In one embodiment of the present invention, the expression of the time series differential error is:

L _TD ＝Y _t -Q(s _t ,a _t ；θ)

wherein Y is _t Represents the cumulative expected return estimate at time t, Q(s) _t ,a _t The method comprises the steps of carrying out a first treatment on the surface of the θ) represents the input state s in the Q network _t Estimating an output value by accumulated expected returns at the time; wherein,

wherein r is _t+1 Rewards at time t+1; gamma epsilon (0, 1) is the discount coefficient;expressed in terms of the parameter theta ^- Input s in target network of (a) _t+1 Output action is +.>A corresponding accumulated expected return estimate; />To input state s in Q network _t+1 The action with the maximum expected return estimated output value is accumulated.

In one embodiment of the present invention, the expression of the large-pitch classification loss is:

wherein A represents an action space, s _t Indicating that the hot air furnace is inthe combustion state at time t, a represents any operation in the operation space a, Q (s _t A; θ) indicates that the Q network with parameter θ is in the input state s _t The lower action is the output of a,representing expert action at time t, i.e. s in the state transition record _t The corresponding valve position adjustment action under the state; />And b is a super-parameter greater than zero, representing a penalty function when the action output by the model is inconsistent with the expert action reflected in the record.

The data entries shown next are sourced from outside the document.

lemma Cauchy_op_poly_power:
  assumes nA: "normal_op A" and ne: "spec A \<noteq> {}"
    and h: "poly h z0 = 1" "0 \<le> \<rho>" "\<rho> < 1"
    and hb: "\<And>w. w \<in> spec A \<Longrightarrow> w \<noteq> z0 \<Longrightarrow> cmod (poly h w) \<le> \<rho>"
  shows "Cauchy (\<lambda>n. op_poly (h ^ n) A y)"
proof (rule Cauchy_geometric_bound[OF h(2,3)])
  fix m n
  have "op_poly (h ^ m) A y - op_poly (h ^ n) A y = op_poly (h ^ m - h ^ n) A y"
    by (simp add: op_poly_diff)
  also have "norm \<dots> \<le> (\<rho>^m + \<rho>^n) * norm y"
  proof (rule norm_op_poly_le[OF nA ne], intro ballI)
    fix w assume w: "w \<in> spec A"
    show "cmod (poly (h ^ m - h ^ n) w) \<le> \<rho>^m + \<rho>^n"
    proof (cases "w = z0")
      case True then show ?thesis using h by (simp add: poly_power)
    next
      case False
      then have hk: "cmod (poly h w) ^ k \<le> \<rho> ^ k" for k
        using hb[OF w] by (simp add: power_mono)
      have "cmod (poly (h ^ m - h ^ n) w) \<le> cmod (poly h w) ^ m + cmod (poly h w) ^ n"
        using norm_triangle_ineq4[of "poly h w ^ m" "poly h w ^ n"] by (simp add: poly_power norm_power)
      then show ?thesis using hk[of m] hk[of n] by linarith
    qed
  qed
  finally show "norm (op_poly (h ^ m) A y - op_poly (h ^ n) A y) \<le> (\<rho>^m + \<rho>^n) * norm y" .
qed

lemma tendsto_eigen_defect_op_poly_power:
  assumes nA: "normal_op A" and ne: "spec A \<noteq> {}" and h: "0 \<le> \<rho>" "\<rho> < 1"
    and hb: "\<And>w. w \<in> spec A \<Longrightarrow> w \<noteq> z0 \<Longrightarrow> cmod (poly h w) \<le> \<rho>"
  shows "(\<lambda>n. A (op_poly (h ^ n) A y) - cscale z0 (op_poly (h ^ n) A y)) \<longlonglongrightarrow> 0"
proof (rule Lim_null_comparison)
  have bA: "bounded_clinear_op A" using nA by (simp add: normal_op_def)
  define K where "K = onorm A + cmod z0"
  show "\<forall>\<^sub>F n in sequentially. norm (A (op_poly (h ^ n) A y) - cscale z0 (op_poly (h ^ n) A y))
          \<le> K * \<rho>^n * norm y"
  proof (intro always_eventually allI)
    fix n
    have "A (op_poly (h ^ n) A y) - cscale z0 (op_poly (h ^ n) A y) = op_poly ([:-z0, 1:] * h ^ n) A y"
      by (simp only: op_poly_mult[OF bA] op_poly_linear[OF bA]) (simp add: cscale_minus_left)
    also have "norm \<dots> \<le> K * \<rho>^n * norm y"
    proof (rule norm_op_poly_le[OF nA ne], intro ballI)
      fix w assume w: "w \<in> spec A"
      have "cmod (w - z0) \<le> K"
        using spec_norm_le_onorm[OF bA w] norm_triangle_ineq4[of w z0] by (simp add: K_def)
      moreover have "w \<noteq> z0 \<Longrightarrow> cmod (poly h w) ^ n \<le> \<rho> ^ n"
        using hb[OF w] by (simp add: power_mono)
      moreover have "0 \<le> K" using bounded_clinear_op_onorm_nonneg[OF bA] by (simp add: K_def)
      moreover have "poly ([:-z0, 1:] * h ^ n) w = (w - z0) * poly h w ^ n"
        by (simp add: poly_power algebra_simps)
      ultimately show "cmod (poly ([:-z0, 1:] * h ^ n) w) \<le> K * \<rho>^n"
        using h by (cases "w = z0") (auto simp: norm_mult norm_power intro: mult_mono)
    qed
    finally show "norm (A (op_poly (h ^ n) A y) - cscale z0 (op_poly (h ^ n) A y)) \<le> K * \<rho>^n * norm y" .
  qed
  show "(\<lambda>n. K * \<rho>^n * norm y) \<longlonglongrightarrow> 0"
    using h by (auto intro!: tendsto_mult_left_zero tendsto_mult_right_zero LIMSEQ_power_zero)
qed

In one embodiment of the present invention, the expression of the L2 regularization loss is:

wherein θ is a parameter of the Q network.

In one embodiment of the present invention, the specific method for the Q network to synchronize the updated parameters to the target network is: and synchronizing the parameters of the Q network to the target network when the sampling times reach the preset target network parameter updating frequency.

In one embodiment of the present invention, the gradient descent method is as follows: and calculating importance sampling weights of all the state transition records according to the sampling probability, updating gradient values according to the average importance sampling weights of the B-state transition records obtained by sampling, and updating the sampling priority of the state transition records according to the time sequence differential error.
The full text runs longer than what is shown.